A million film ideas, a million ideas, and this is what Corbijn wants to do? A fucking sniper flick? Fuck that.
Existential sniper flick. It looks very European.
Are you saying those adjs. elevate the concept? Because while I agree they're favorable qualities for some films sometimes to possess, I mean Leon > Shooter, it doesn't automatically redeem a base concept, and I'd still prefer something else from Corbijn.
It reminds me of Jean Pierre Melville homage. If there is a bit of humor hidden in the story, the film will likely bleed into an homage of the Conformist as well. Stylistic filmmakers go through these motions and if a filmmaker today can do a really good rendering of Melville (mixed in with today's elements), I am nothing but excited. Melville's films are candy and still entertaining today. It's a timeless template to base a story on.
Why would 'timeless' be applied to films which have lingered for a stretch of forty years? Relevant, sure, enduring, okay, but timeless? That's not criticism, that's soothsaying. I also don't agree that all stylistic filmmakers need 'go through these motions,' I hate these motions, I hate that filmmakers can become trapped in them for commercial reasons, and that this is what they have to make to put people in the seats, and I hate the passive way they're received. 'It's an existential sniper flick,' oh it's a 'Jean Pierre Melville homage,' I mean these are formulas and conventions. It's idea recycling in Hollywood, it's idea recycling when it's Corbijn too.
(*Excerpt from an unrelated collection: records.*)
(* Let $\tau$ be a point of the upper half plane, and let $Q_1,Q_2\in M_2(\mathbb Z)$ be symmetric positive definite matrices of determinant $N$. Put $H_i=(\operatorname{Im}(Q_i\tau))^{-1}$ and $\mathscr R_i=\{M\in\operatorname{End}(X_{Q_i\tau}):{}^t\bar MH_i=H_iM^\iota\}$ for $i=1,2$. Let $S=\mathbb Z$ or $\mathbb Q$ and suppose there is $A\in GL_2(S)$ with $Q_2=(\det A)^{-1}AQ_1\,{}^tA$. Then $M\mapsto AMA^{-1}$ is an $S$-algebra isomorphism $\operatorname{End}_S(X_{Q_1\tau})\to\operatorname{End}_S(X_{Q_2\tau})$, and it induces an $S$-algebra isomorphism $\mathscr R_1\otimes_{\mathbb Z}S\to\mathscr R_2\otimes_{\mathbb Z}S$.
   Context: For $z$ in the Siegel upper half space $\mathfrak h_2=\{z\in M_2(\mathbb C):{}^tz=z,\operatorname{Im}z>0\}$: $L_z=[z,\mathbf 1_2]\mathbb Z^4\subset\mathbb C^2$, $X_z=\mathbb C^2/L_z$; $\operatorname{End}(X_z)=\operatorname{End}_{\mathbb Z}(X_z)$ is identified with the ring of $M\in M_2(\mathbb C)$ with $ML_z\subseteq L_z$, and $\operatorname{End}_{\mathbb Q}(X_z)=\operatorname{End}(X_z)\otimes\mathbb Q$. For a $2\times2$ matrix $M$, $M^\iota=\operatorname{tr}(M)\mathbf 1_2-M$ and $\bar M$ is entrywise complex conjugation. $N$ is a prime. *)

theory Defs
  imports "HOL-Analysis.Analysis" "HOL-Computational_Algebra.Primes"
begin

datatype coeff_ring = SZ | SQ

definition int_cmat :: "int^2^2 \<Rightarrow> complex^2^2" where
  "int_cmat Q = (\<chi> i j. of_int (Q$i$j))"

definition int_rmat :: "int^2^2 \<Rightarrow> real^2^2" where
  "int_rmat Q = (\<chi> i j. of_int (Q$i$j))"

definition rat_cmat :: "rat^2^2 \<Rightarrow> complex^2^2" where
  "rat_cmat A = (\<chi> i j. of_rat (A$i$j))"

definition int_ratmat :: "int^2^2 \<Rightarrow> rat^2^2" where
  "int_ratmat Q = (\<chi> i j. of_int (Q$i$j))"

definition int_cvec :: "int^2 \<Rightarrow> complex^2" where
  "int_cvec a = (\<chi> i. of_int (a$i))"

definition mat_scal :: "int^2^2 \<Rightarrow> complex \<Rightarrow> complex^2^2" where
  "mat_scal Q \<tau> = (\<chi> i j. \<tau> * of_int (Q$i$j))"

definition sym_pos_def :: "int^2^2 \<Rightarrow> bool" where
  "sym_pos_def Q \<longleftrightarrow> transpose Q = Q \<and>
     (\<forall>x::real^2. x \<noteq> 0 \<longrightarrow> x \<bullet> (int_rmat Q *v x) > 0)"

definition lattice :: "complex^2^2 \<Rightarrow> (complex^2) set" where
  "lattice z = {z *v int_cvec a + int_cvec b | a b. True}"

definition End_Z :: "complex^2^2 \<Rightarrow> (complex^2^2) set" where
  "End_Z z = {M. \<forall>v \<in> lattice z. M *v v \<in> lattice z}"
definition union_interp :: "('c, 'r) interp \<Rightarrow> ('c, 'r) interp \<Rightarrow> ('c, 'r) interp" where
  "union_interp I J =
     \<lparr>dom = dom I \<union> dom J, cint = \<lambda>A. cint I A \<union> cint J A, rint = \<lambda>r. rint I r \<union> rint J r\<rparr>"

lemma rename_interp_simps [simp]:
  "dom (rename_interp f I) = f ` dom I"
  "cint (rename_interp f I) A = f ` cint I A"
  "rint (rename_interp f I) r = map_prod f f ` rint I r"
  by (simp_all add: rename_interp_def)

lemma union_interp_simps [simp]:
  "dom (union_interp I J) = dom I \<union> dom J"
  "cint (union_interp I J) A = cint I A \<union> cint J A"
  "rint (union_interp I J) r = rint I r \<union> rint J r"
  by (simp_all add: union_interp_def)

lemma ext_subset_dom: "valid_interp I \<Longrightarrow> ext I C \<subseteq> dom I"
  by (induction C) (auto simp: valid_interp_def)

lemma finite_ext: "valid_interp I \<Longrightarrow> finite (ext I C)"
  using ext_subset_dom finite_subset valid_interp_def by metis

lemma cnt_Conj_le: "valid_interp I \<Longrightarrow> cnt I (Conj C D) \<le> cnt I D"
  unfolding cnt_def by (rule card_mono) (auto simp: finite_ext)

lemma ext_rename_interp:
  assumes "inj f"
  shows "ext (rename_interp f I) C = f ` ext I C"
proof (induction C)
  case (Neg C)
  then show ?case by (simp add: image_set_diff assms)
next
  case (Conj C1 C2)
  then show ?case by (simp add: image_Int assms)
next
  case (Ex r C)
  show ?case
  proof (intro set_eqI iffI)
    fix x assume "x \<in> ext (rename_interp f I) (concept.Ex r C)"
    then obtain u v where "x = f u" "u \<in> dom I" "(u, v) \<in> rint I r" "v \<in> ext I C"
      using Ex.IH by (auto simp: inj_eq[OF assms])
    then show "x \<in> f ` ext I (concept.Ex r C)"
      by auto
  next
    fix x assume "x \<in> f ` ext I (concept.Ex r C)"
    then show "x \<in> ext (rename_interp f I) (concept.Ex r C)"
      using Ex.IH by force
  qed
qed simp_all
(* $\mathrm{REG}\nsubseteq\mathrm{1QFA}/n$, and thus $\mathrm{1QFA}/n\neq\mathrm{REG}/n$.
   Context: $\mathrm{REG}$ is the family of regular languages. A 1qfa is a one-way measure-many quantum finite automaton. For equal-length strings $x,y$, $\genfrac{[}{]}{0pt}{}{x}{y}$ is the two-track string with $x$ on the upper track and $y$ on the lower track. $\mathrm{REG}/n$ is the family of languages $L$ for which there exist a one-way deterministic finite automaton $M$, an advice alphabet $\Gamma$ and an advice function $h:\mathbb{N}\to\Gamma^*$ with $|h(n)|=n$ such that for all $x$, $x\in L$ iff $M$ accepts $\genfrac{[}{]}{0pt}{}{x}{h(|x|)}$. $\mathrm{1QFA}/n$ is defined in the same way with a 1qfa that outputs $L(x)$ with probability at least $1-\varepsilon$ for some constant $\varepsilon\in[0,1/2)$. (The separating language used is $(aa+ab+ba)^*$ over $\{a,b\}$.) It is known that $\mathrm{1QFA}/n\subseteq\mathrm{REG}/n$. *)

theory Defs
  imports Complex_Main
begin

datatype ab = SymA | SymB

definition dfa_ok :: "nat \<Rightarrow> (nat \<Rightarrow> 'a \<Rightarrow> nat) \<Rightarrow> nat \<Rightarrow> bool" where
  "dfa_ok k delta q0 \<longleftrightarrow> q0 < k \<and> (\<forall>q<k. \<forall>s. delta q s < k)"

definition REG :: "'a list set set" where
  "REG = {L. \<exists>k delta q0 F. dfa_ok k delta q0 \<and> L = {x. foldl delta q0 x \<in> F}}"

definition advice_ok :: "nat \<Rightarrow> (nat \<Rightarrow> nat list) \<Rightarrow> bool" where
  "advice_ok g h \<longleftrightarrow> (\<forall>n. length (h n) = n \<and> set (h n) \<subseteq> {..<g})"

text \<open>Two-track string: x on the upper track, advice on the lower track.\<close>

definition track :: "'a list \<Rightarrow> nat list \<Rightarrow> ('a \<times> nat) list" where
  "track x y = zip x y"

definition REG_n :: "'a list set set" where
  "REG_n = {L. \<exists>g h k (delta :: nat \<Rightarrow> ('a \<times> nat) \<Rightarrow> nat) q0 F.
      advice_ok g h \<and> dfa_ok k delta q0 \<and>
      (\<forall>x. x \<in> L \<longleftrightarrow> foldl delta q0 (track x (h (length x))) \<in> F)}"

datatype 'a tape = LEnd | Sym 'a | REnd

definition tape_of :: "'a list \<Rightarrow> 'a tape list" where
  "tape_of w = LEnd # map Sym w @ [REnd]"

text \<open>Vectors in C^k are functions nat => complex (entries outside {..<k} ignored);
k x k matrices are functions nat => nat => complex.\<close>

definition mv :: "nat \<Rightarrow> (nat \<Rightarrow> nat \<Rightarrow> complex) \<Rightarrow> (nat \<Rightarrow> complex) \<Rightarrow> (nat \<Rightarrow> complex)" where
  "mv k U v = (\<lambda>i. if i < k then (\<Sum>j<k. U i j * v j) else 0)"

definition unitary_k :: "nat \<Rightarrow> (nat \<Rightarrow> nat \<Rightarrow> complex) \<Rightarrow> bool" where
  "unitary_k k U \<longleftrightarrow>
     (\<forall>i<k. \<forall>j<k. (\<Sum>l<k. cnj (U l i) * U l j) = (if i = j then 1 else 0))"

definition proj :: "nat set \<Rightarrow> (nat \<Rightarrow> complex) \<Rightarrow> (nat \<Rightarrow> complex)" where
  "proj S v = (\<lambda>i. if i \<in> S then v i else 0)"

definition nsq :: "nat \<Rightarrow> (nat \<Rightarrow> complex) \<Rightarrow> real" where
  "nsq k v = (\<Sum>i<k. (cmod (v i))\<^sup>2)"

text \<open>haltp k U N H w psi: total probability of halting in a state of H while reading w,
starting from the (unnormalised) state psi; after each step the state is measured
with respect to accepting / rejecting / non-halting subspaces and only the
non-halting part (states N) continues.\<close>

fun haltp :: "nat \<Rightarrow> ('b \<Rightarrow> nat \<Rightarrow> nat \<Rightarrow> complex) \<Rightarrow> nat set \<Rightarrow> nat set \<Rightarrow> 'b list
              \<Rightarrow> (nat \<Rightarrow> complex) \<Rightarrow> real" where
  "haltp k U N H [] psi = 0"
| "haltp k U N H (s # w) psi =
     nsq k (proj H (mv k (U s) psi)) + haltp k U N H w (proj N (mv k (U s) psi))"

definition qfa_ok :: "nat \<Rightarrow> ('a tape \<Rightarrow> nat \<Rightarrow> nat \<Rightarrow> complex) \<Rightarrow> nat set \<Rightarrow> nat set \<Rightarrow> nat \<Rightarrow> bool" where
  "qfa_ok k U A R q0 \<longleftrightarrow> A \<subseteq> {..<k} \<and> R \<subseteq> {..<k} \<and> A \<inter> R = {} \<and>
     q0 < k \<and> q0 \<notin> A \<and> q0 \<notin> R \<and> (\<forall>s. unitary_k k (U s))"

definition acc_prob :: "nat \<Rightarrow> ('a tape \<Rightarrow> nat \<Rightarrow> nat \<Rightarrow> complex) \<Rightarrow> nat set \<Rightarrow> nat set \<Rightarrow> nat
                        \<Rightarrow> 'a list \<Rightarrow> real" where
  "acc_prob k U A R q0 w =
     haltp k U ({..<k} - A - R) A (tape_of w) (\<lambda>i. if i = q0 then 1 else 0)"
Maybe it'll rise above. I haven't even watched the trailer (is he serious? I'm serious). Maybe Martin Booth did some shit for genre like Jonathan Lethem is doing for genre. If it's the year's best movie, so be it. Just imagine a year in which the best of the year is a movie with a premise 'Alone among assassins, Jack is a master craftsman. When a job in Sweden ends more harshly than expected for this American abroad, he vows to his contact Larry that his next assignment will be his last.'
This is why we're better off judging a book by its cover than trying to judge a movie by its log line. GT's right; even the great directors deal in pastiche all the time, and Corbijn's new enough to directing features that he might still be experimenting, pulling bits and pieces from his influences and laying them over a familiar story as he tries to discover his vision.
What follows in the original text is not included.